Q: What exactly is PT-141?

PT-141 is the research designation for bremelanotide, a synthetic cyclic heptapeptide. It belongs to the melanocortin peptide family and is structurally derived from alpha-melanocyte-stimulating hormone (α-MSH), a neuropeptide produced centrally by POMC neurons . Its structure is characterized by a ring (cyclic) conformation achieved through a lactam bridge — a modification that published reviews note confers greater metabolic stability than the linear α-MSH parent molecule . The compound's molecular formula is C₅₀H₆₈N₁₄O₁₀ . It is supplied as a lyophilized powder for research reconstitution. Research use only. Not for human consumption.

Q: Which receptors has the published research focused on?

Published studies characterize PT-141 as an agonist at multiple melanocortin receptor (MCR) subtypes — a family of five G protein-coupled receptors (MC1R through MC5R). The LiverTox reference entry describes bremelanotide as broadly engaging multiple MCR subtypes, with MC4R and MC3R being the centrally expressed subtypes that have received the most attention in the neuropeptide literature . A comprehensive 2022 review of MCR ligands situates bremelanotide within the category of clinically studied mixed MCR agonists, distinguishing it from more selective compounds like setmelanotide (an MC4R-selective agonist) .

Q: How does PT-141 relate to melanotan II?

Both compounds are cyclic α-MSH analogs developed in the same research lineage — melanotan II (MT-II) is the structural parent, and PT-141 was derived from it with modifications intended to refine the pharmacological and pharmacokinetic profile . A review of melanocortin peptide therapeutics traces this lineage in detail, describing how successive analog development progressed from linear peptides to cyclized, truncated structures . Pharmacologically, both engage MC3R and MC4R, but they are not identical compounds. Researchers studying one cannot directly extrapolate findings to the other without independent characterization .
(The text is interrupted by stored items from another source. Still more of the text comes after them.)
lemma continuous_family_locally_close:
  assumes V: "finite V" and cont: "\<And>v. v \<in> V \<Longrightarrow> continuous_on S (\<lambda>s. \<alpha> s v)"
    and a: "a \<in> S" and e: "e > 0"
  obtains \<eta> where "\<eta> > 0" "\<And>s s' v. s \<in> S \<Longrightarrow> s' \<in> S \<Longrightarrow> dist s a < \<eta> \<Longrightarrow> dist s' a < \<eta> \<Longrightarrow> v \<in> V \<Longrightarrow>
    normC C (\<alpha> s v - \<alpha> s' v) < e"
proof -
  have "\<forall>v\<in>V. eventually (\<lambda>s. normC C (\<alpha> s v - \<alpha> a v) < e / 2) (at a within S)"
  proof
    fix v
    assume "v \<in> V"
    then have "((\<lambda>s. \<alpha> s v) \<longlongrightarrow> \<alpha> a v) (at a within S)"
      using cont a by (simp add: continuous_on_def)
    then have "((\<lambda>s. normC C (\<alpha> s v - \<alpha> a v)) \<longlongrightarrow> normC C (\<alpha> a v - \<alpha> a v)) (at a within S)"
      by (intro tendsto_intros)
    then show "eventually (\<lambda>s. normC C (\<alpha> s v - \<alpha> a v) < e / 2) (at a within S)"
      by (rule order_tendstoD(2)) (simp add: e)
  qed
  then have "eventually (\<lambda>s. \<forall>v\<in>V. normC C (\<alpha> s v - \<alpha> a v) < e / 2) (at a within S)"
    by (rule eventually_ball_finite[OF V])
  then obtain \<eta> where "\<eta> > 0"
    and \<eta>: "\<forall>s\<in>S. s \<noteq> a \<and> dist s a < \<eta> \<longrightarrow> (\<forall>v\<in>V. normC C (\<alpha> s v - \<alpha> a v) < e / 2)"
    unfolding eventually_at by blast
  have near: "normC C (\<alpha> s v - \<alpha> a v) < e / 2" if "s \<in> S" "dist s a < \<eta>" "v \<in> V" for s v
    using \<eta> that e by (cases "s = a") auto
  have "normC C (\<alpha> s v - \<alpha> s' v) < e"
    if "s \<in> S" "s' \<in> S" "dist s a < \<eta>" "dist s' a < \<eta>" "v \<in> V" for s s' v
  proof -
    have "normC C (\<alpha> s v - \<alpha> s' v) \<le> normC C (\<alpha> s v - \<alpha> a v) + normC C (\<alpha> s' v - \<alpha> a v)"
      using normC_triangle_diff[of "\<alpha> s v" "\<alpha> s' v" "\<alpha> a v"] normC_minus_commute[of "\<alpha> a v" "\<alpha> s' v"]
      by simp
    then show ?thesis
      using near[of s v] near[of s' v] that by simp
  qed
  with \<open>\<eta> > 0\<close> show thesis
    by (rule that)
qed

lemma locally_congruent_sticky_rigid:
  fixes V :: "'v set"
  assumes V: "finite V" and "\<epsilon> > 0" and local: "locally_congruent C V p r \<epsilon>"
  shows "sticky_rigid C V p r"
  unfolding sticky_rigid_def
proof (intro allI impI ballI)
  fix \<delta> :: real and \<alpha> :: "real \<Rightarrow> 'v \<Rightarrow> 'a" and t
  assume "\<delta> > 0" and t: "t \<in> {0..\<delta>}"
    and path: "(\<forall>v\<in>V. continuous_on {0..\<delta>} (\<lambda>t. \<alpha> t v)) \<and> (\<forall>v\<in>V. \<alpha> 0 v = p v) \<and>
      (\<forall>v w t. contact_edge C V p r v w \<and> t \<in> {0..\<delta>} \<longrightarrow> normC C (\<alpha> t v - \<alpha> t w) = normC C (p v - p w))"
  have "congruentC C V p (\<alpha> t)"
  proof (rule connected_induction_simple[of "{0..\<delta>}" 0 t])
    show "congruentC C V p (\<alpha> 0)"
      using path isometryC_id unfolding congruentC_def by (intro exI[of _ id]) auto
    fix a
    assume a: "a \<in> {0..\<delta>}"
    have "\<And>v. v \<in> V \<Longrightarrow> continuous_on {0..\<delta>} (\<lambda>s. \<alpha> s v)"
      using path by simp
    then obtain \<eta> where "\<eta> > 0" and near: "\<And>s s' v. s \<in> {0..\<delta>} \<Longrightarrow> s' \<in> {0..\<delta>} \<Longrightarrow>
        dist s a < \<eta> \<Longrightarrow> dist s' a < \<eta> \<Longrightarrow> v \<in> V \<Longrightarrow> normC C (\<alpha> s v - \<alpha> s' v) < \<epsilon>"
      using continuous_family_locally_close[OF V _ a \<open>\<epsilon> > 0\<close>] by blast
    show "\<exists>T. openin (top_of_set {0..\<delta>}) T \<and> a \<in> T \<and>
        (\<forall>x\<in>T. \<forall>y\<in>T. congruentC C V p (\<alpha> x) \<longrightarrow> congruentC C V p (\<alpha> y))"
    proof (intro exI conjI ballI impI)
      show "openin (top_of_set {0..\<delta>}) ({0..\<delta>} \<inter> ball a \<eta>)"
        by (simp add: openin_open_Int)
      show "a \<in> {0..\<delta>} \<inter> ball a \<eta>"
        using a \<open>\<eta> > 0\<close> by simp
      fix x y
      assume x: "x \<in> {0..\<delta>} \<inter> ball a \<eta>" and y: "y \<in> {0..\<delta>} \<inter> ball a \<eta>"
        and "congruentC C V p (\<alpha> x)"
      have "\<forall>v\<in>V. normC C (\<alpha> y v - \<alpha> x v) < \<epsilon>"
        using near x y by (simp add: dist_commute)
      moreover have "preserves_contacts C V p r (\<alpha> y)"
        using path y by (simp add: preserves_contacts_def)
      ultimately show "congruentC C V p (\<alpha> y)"
        using congruentC_near_congruent[OF local \<open>congruentC C V p (\<alpha> x)\<close>] by simp
    qed
  qed (use \<open>\<delta> > 0\<close> t in auto)
  then show "\<exists>f. isometryC C f \<and> (\<forall>v\<in>V. \<alpha> t v = f (p v))"
    by (simp add: congruentC_def)
qed

end

theorem proposition3p1:
  fixes C :: "'a::euclidean_space set" and V :: "'v set"
    and p :: "'v \<Rightarrow> 'a" and r :: "'v \<Rightarrow> real"
  assumes "cs_convex_body C" and "smooth_body C"
    and "C_packing C V p r" and "sticky_inf_rigid C V p r"
  shows "sticky_rigid C V p r"
proof -
  interpret symmetric_convex_body C
    by unfold_locales (rule assms(1))
  have V: "finite V"
    using assms(3) by (simp add: C_packing_def)
  obtain \<epsilon> where "\<epsilon> > 0" "locally_congruent C V p r \<epsilon>"
    using sticky_inf_rigid_locally_congruent[OF V assms(4)] by blast
  then show ?thesis
    by (intro locally_congruent_sticky_rigid[OF V])
qed

end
Q: What neuropeptide systems has the literature connected to melanocortin receptor activity?

Preclinical research using animal models examined central nervous system pathways associated with melanocortin receptor activity following bremelanotide administration. A review of preclinical CNS work described observations including Fos (immediate-early gene) induction in limbic and hypothalamic structures and dopamine release in specific brain regions in the animal models studied . These observations were interpreted by researchers in the context of MC4R-mediated neuropeptide signaling in those circuits. The neuroanatomical framework for this research includes work characterizing MC4R-expressing neurons in the lateral hypothalamic area, documenting their co-expression with neurotensin and the leptin receptor, and their integration with hypothalamic metabolic signaling networks . All of these are pre-clinical, animal-model findings. They describe receptor-mediated neurophysiology under controlled laboratory conditions.

Q: Has bremelanotide been studied outside its primary research context?
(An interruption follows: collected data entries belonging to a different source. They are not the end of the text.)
lemma strip_unit_is_nf_list:
  assumes "is_nf_list act (snd N)"
  shows "is_nf_list act (snd (strip_unit N))"
    and "snd (strip_unit N) \<noteq> [] \<Longrightarrow> fst (strip_unit N) \<noteq> 1"
    and "nf_plus act N * nf_plus act (strip_unit N) = nf_plus act N"
proof -
  have "is_nf_list act (snd (strip_unit N)) \<and> (snd (strip_unit N) \<noteq> [] \<longrightarrow> fst (strip_unit N) \<noteq> 1) \<and>
    nf_plus act N * nf_plus act (strip_unit N) = nf_plus act N"
  proof (cases "fst N = 1 \<and> snd N \<noteq> []")
    case True
    then obtain e1 t1 ps where N: "N = (1, (e1, t1) # ps)" by (cases N; cases "snd N") auto
    then show ?thesis using assms by (simp add: strip_unit_Cons act_one sless_def sle_def semilattice_simps)
  next
    case False
    then show ?thesis using assms by (auto simp: strip_unit_def idem)
  qed
  then show "is_nf_list act (snd (strip_unit N))"
    and "snd (strip_unit N) \<noteq> [] \<Longrightarrow> fst (strip_unit N) \<noteq> 1"
    and "nf_plus act N * nf_plus act (strip_unit N) = nf_plus act N" by auto
qed

lemma is_nf_list_nf_step:
  assumes "is_nf_list act (snd N)"
  shows "is_nf_list act (snd (nf_step act a N))"
proof (cases a)
  case (Inl s) then show ?thesis using assms by (cases N) simp
next
  case (Inr e)
  define f where "f = nf_plus act N"
  define p where "p = nf_plus act (strip_unit N)"
  show ?thesis
  proof (cases "e * f = f")
    case True then show ?thesis using assms Inr by (simp add: f_def nf_step_Inr_absorbed)
  next
    case False
    have fp: "p * f = f" using strip_unit_is_nf_list(3)[OF assms] by (simp add: f_def p_def mult.commute)
    have "e * f \<noteq> 1" "e * f \<noteq> p" using below_product_neq[OF False] fp by auto
    moreover have "e * f * p = e * f" using fp by (simp add: semilattice_simps)
    moreover obtain t1 ps where "strip_unit N = (t1, ps)" by (cases "strip_unit N")
    ultimately show ?thesis using False Inr strip_unit_is_nf_list(1,2)[OF assms]
      by (simp add: nf_step_Inr_new f_def p_def sless_def sle_def)
  qed
qed

lemma is_nf_list_nf: "is_nf_list act (snd (nf act w))"
  by (induction w) (simp_all add: is_nf_list_nf_step)

lemma nf_nf_word: "is_nf_list act ps \<Longrightarrow> nf act (nf_word t0 ps) = (t0, ps)"
proof (induction ps arbitrary: t0)
  case Nil then show ?case by (simp add: nf_word_Nil)
next
  case (Cons p ps)
  obtain e t where p: "p = (e, t)" by (cases p)
  have "nf_step act (Inr e) (t, ps) = (1, (e, t) # ps)"
    using Cons.prems p by (auto simp: nf_step_Inr_new strip_unit_def sless_def sle_def)
  then show ?case using Cons p by (simp add: nf_word_Cons)
qed

lemma isNF_iff_is_nf_list: "isNF act t0 ps \<longleftrightarrow> is_nf_list act ps"
proof (induction ps arbitrary: t0)
  case Nil then show ?case by (simp add: isNF_def)
next
  case (Cons p ps)
  obtain e t where p: "p = (e, t)" by (cases p)
  have "isNF act t0 (p # ps) \<longleftrightarrow>
      (e \<noteq> 1 \<and> (ps \<noteq> [] \<longrightarrow> t \<noteq> 1) \<and> sless (*) e (nf_plus act (t, ps))) \<and> isNF act t ps"
    using act_word_nf_word[of act t ps] p
    unfolding isNF_def all_less_Cons all_Suc_less_Cons by (auto simp: nf_word_def simp del: act_word.simps)
  then show ?case using Cons.IH p by simp
qed

lemma pstar_pclass:
  assumes "u \<noteq> []"
  shows "pstar act (pclass act u) = embX act (nf_star (nf act u))"
proof -
  obtain t0 ps where N: "nf act u = (t0, ps)" by (cases "nf act u")
  let ?star = "\<lambda>ps. if ps \<noteq> [] \<and> snd (last ps) = 1 then fst (last ps) else 1"
  have "(THE e. \<exists>t0 ps. isNF act t0 ps \<and> pclass act (nf_word t0 ps) = pclass act u \<and> e = ?star ps)
      = nf_star (nf act u)"
  proof (rule the_equality)
    have "pclass act (nf_word t0 ps) = pclass act u"
      using Pcong_nform_word_nf[OF assms] N by (simp add: nform_word_def pclass_eqI Pcong.sym)
    moreover have "isNF act t0 ps" using is_nf_list_nf[of u] N by (simp add: isNF_iff_is_nf_list)
    ultimately show "\<exists>t0 ps. isNF act t0 ps \<and> pclass act (nf_word t0 ps) = pclass act u \<and>
        nf_star (nf act u) = ?star ps"
      using N unfolding nf_star_def by (intro exI[of _ t0] exI[of _ ps]) simp
  next
    fix e assume "\<exists>t1 ps1. isNF act t1 ps1 \<and> pclass act (nf_word t1 ps1) = pclass act u \<and> e = ?star ps1"
    then obtain t1 ps1 where nf1: "isNF act t1 ps1" "pclass act (nf_word t1 ps1) = pclass act u"
      and e: "e = ?star ps1" by blast
    have "nf act (nf_word t1 ps1) = nf act u"
      using nf1(2) assms nf_word_nonempty[of t1 ps1] pclass_eq_iff_nf_eq[of "nf_word t1 ps1" u] by simp
    then have "(t1, ps1) = nf act u" using nf1(1) nf_nf_word by (simp add: isNF_iff_is_nf_list)
    then have "ps1 = snd (nf act u)" by (metis snd_conv)
    then show "e = nf_star (nf act u)" using e by (simp add: nf_star_def)
  qed
  then show ?thesis by (simp add: pstar_def)
qed

lemma pplus_pclass:
  assumes "u \<noteq> []"
  shows "pplus act (pclass act u) = pclass act [Inr (act_word act u 1)]"
proof -
  have "act_word act a 1 = act_word act u 1" if "a \<in> pclass act u" for a
    using that nf_append_Pcong[of u a "[]"] by (simp add: pclass_def act_word_eq_nf_plus)
  then have "(\<exists>a\<in>pclass act u. Pcong act [Inr (act_word act a 1)] w) \<longleftrightarrow>
      Pcong act [Inr (act_word act u 1)] w" for w
    using mem_pclass_self[OF assms] by metis
  then show ?thesis unfolding pplus_def pclass_def by simp
qed

lemma nf_Inr: "nf act [Inr e] = (if e = 1 then (1, []) else (1, [(e, 1)]))"
  by (simp add: act_one nf_step.simps(2) strip_unit_def)

lemma embX_inj: "embX act e = embX act f \<Longrightarrow> e = f"
  unfolding embX_def using pclass_eq_iff_nf_eq[of "[Inr e]" "[Inr f]"]
  by (simp add: nf_Inr split: if_splits del: nf_Cons)

lemma pmul_embX_embX: "pmul act (embX act e) (embX act f) = embX act (e * f)"
  unfolding embX_def
  using pmul_pclass[of "[Inr e]" "[Inr f]" act] pclass_eqI[OF Pcong.gen[OF Pgen.Xmul]] by simp

lemma embX_sle_iff: "sle (pmul act) (embX act e) (embX act f) \<longleftrightarrow> sle (*) e f"
  unfolding sle_def pmul_embX_embX by (metis embX_inj)

lemma embX_sless_iff: "sless (pmul act) (embX act e) (embX act f) \<longleftrightarrow> sless (*) e f"
  unfolding sless_def embX_sle_iff by (metis embX_inj)

lemma pstar_embX: "pstar act (embX act e) = embX act e"
  using pstar_pclass[of "[Inr e]"] by (simp add: embX_def nf_Inr nf_star_def del: nf_Cons)

lemma pplus_embX: "pplus act (embX act e) = embX act e"
  using pplus_pclass[of "[Inr e]"] by (simp add: embX_def)

text \<open>The invariant of the computation of \<open>nf act (w @ [Inr g])\<close>: the \<open>*\<close> of the
  normal form, its last \<open>e\<close> when it ends in \<open>e 1\<close>, stays below \<open>g\<close>.\<close>

definition star_below :: "'x \<Rightarrow> ('t, 'x) nform \<Rightarrow> bool" where
  "star_below g N \<longleftrightarrow> g = 1 \<or> (\<exists>ps e. snd N = ps @ [(e, 1)] \<and> e * g = e)"

lemma star_below_nf_step:
  assumes "star_below g N"
  shows "star_below g (nf_step act a N)"
proof (cases "g = 1 \<or> (\<exists>s. a = Inl s) \<or> (\<exists>e. a = Inr e \<and> e * nf_plus act N = nf_plus act N)")
  case True
  then show ?thesis using assms by (cases N) (auto simp: star_below_def nf_step_Inr_absorbed)
next
  case False
  then obtain e where a: "a = Inr e" and new: "e * nf_plus act N \<noteq> nf_plus act N" and "g \<noteq> 1"
    by (cases a) auto
  then obtain ps e' where last: "snd N = ps @ [(e', 1)]" and e'g: "e' * g = e'"
    using assms by (auto simp: star_below_def)
  show ?thesis
  proof (cases "fst N = 1 \<and> ps = []")
    case True
    then have "N = (1, [(e', 1)])" using last by (cases N) simp
    then show ?thesis using a new e'g by (simp add: star_below_def nf_step_Inr_new strip_unit_Cons
        act_one mult.assoc)
  next
    case False
    have "\<exists>ps'. snd (strip_unit N) = ps' @ [(e', 1)]"
      using False last by (cases ps) (auto simp: strip_unit_def)
    then show ?thesis using a new e'g by (auto simp: star_below_def nf_step_Inr_new)
  qed
qed

lemma nf_star_append_Inr: "nf_star (nf act (w @ [Inr g])) * g = nf_star (nf act (w @ [Inr g]))"
proof -
  have "star_below g (nf act [Inr g])" by (simp add: nf_Inr star_below_def idem del: nf_Cons)
  then have "star_below g (nf act (w @ [Inr g]))"
    by (induction w) (simp_all add: star_below_nf_step)
  then show ?thesis by (auto simp: star_below_def nf_star_def)
qed

end

section \<open>Chains of atoms\<close>

text \<open>A chain \<open>[(t\<^sub>1,e\<^sub>1), \<dots>, (t\<^sub>n,e\<^sub>n)]\<close> stands for the product of atoms
  \<open>t\<^sub>1 e\<^sub>1 \<cdots> t\<^sub>n e\<^sub>n\<close>; it is canonical when these atoms form an \<open>H\<^sup>\<Q>\<close>-canonical form.\<close>

definition atom :: "('t::monoid_mult \<Rightarrow> 'x::comm_monoid_mult \<Rightarrow> 'x) \<Rightarrow> 't \<Rightarrow> 'x \<Rightarrow> ('t, 'x) pword set" where
  "atom act t e = pclass act [Inl t, Inr e]"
Yes. A 2024 study examined bremelanotide in glioblastoma cell cultures, reporting that melanocortin receptors 3 and 4 are expressed in glioblastoma cells and that bremelanotide treatment was associated with suppressed survivin expression and growth inhibition at concentrations not cytotoxic to normal human cells . The authors identified MCR3 and MCR4 as potential research targets in that in-vitro model. This is early-stage, in-vitro research. It illustrates the broader scientific interest in MCR pharmacology but does not establish any therapeutic use of PT-141.

Q: What is the relationship between PT-141 and the melanocortin system's energy-regulation biology?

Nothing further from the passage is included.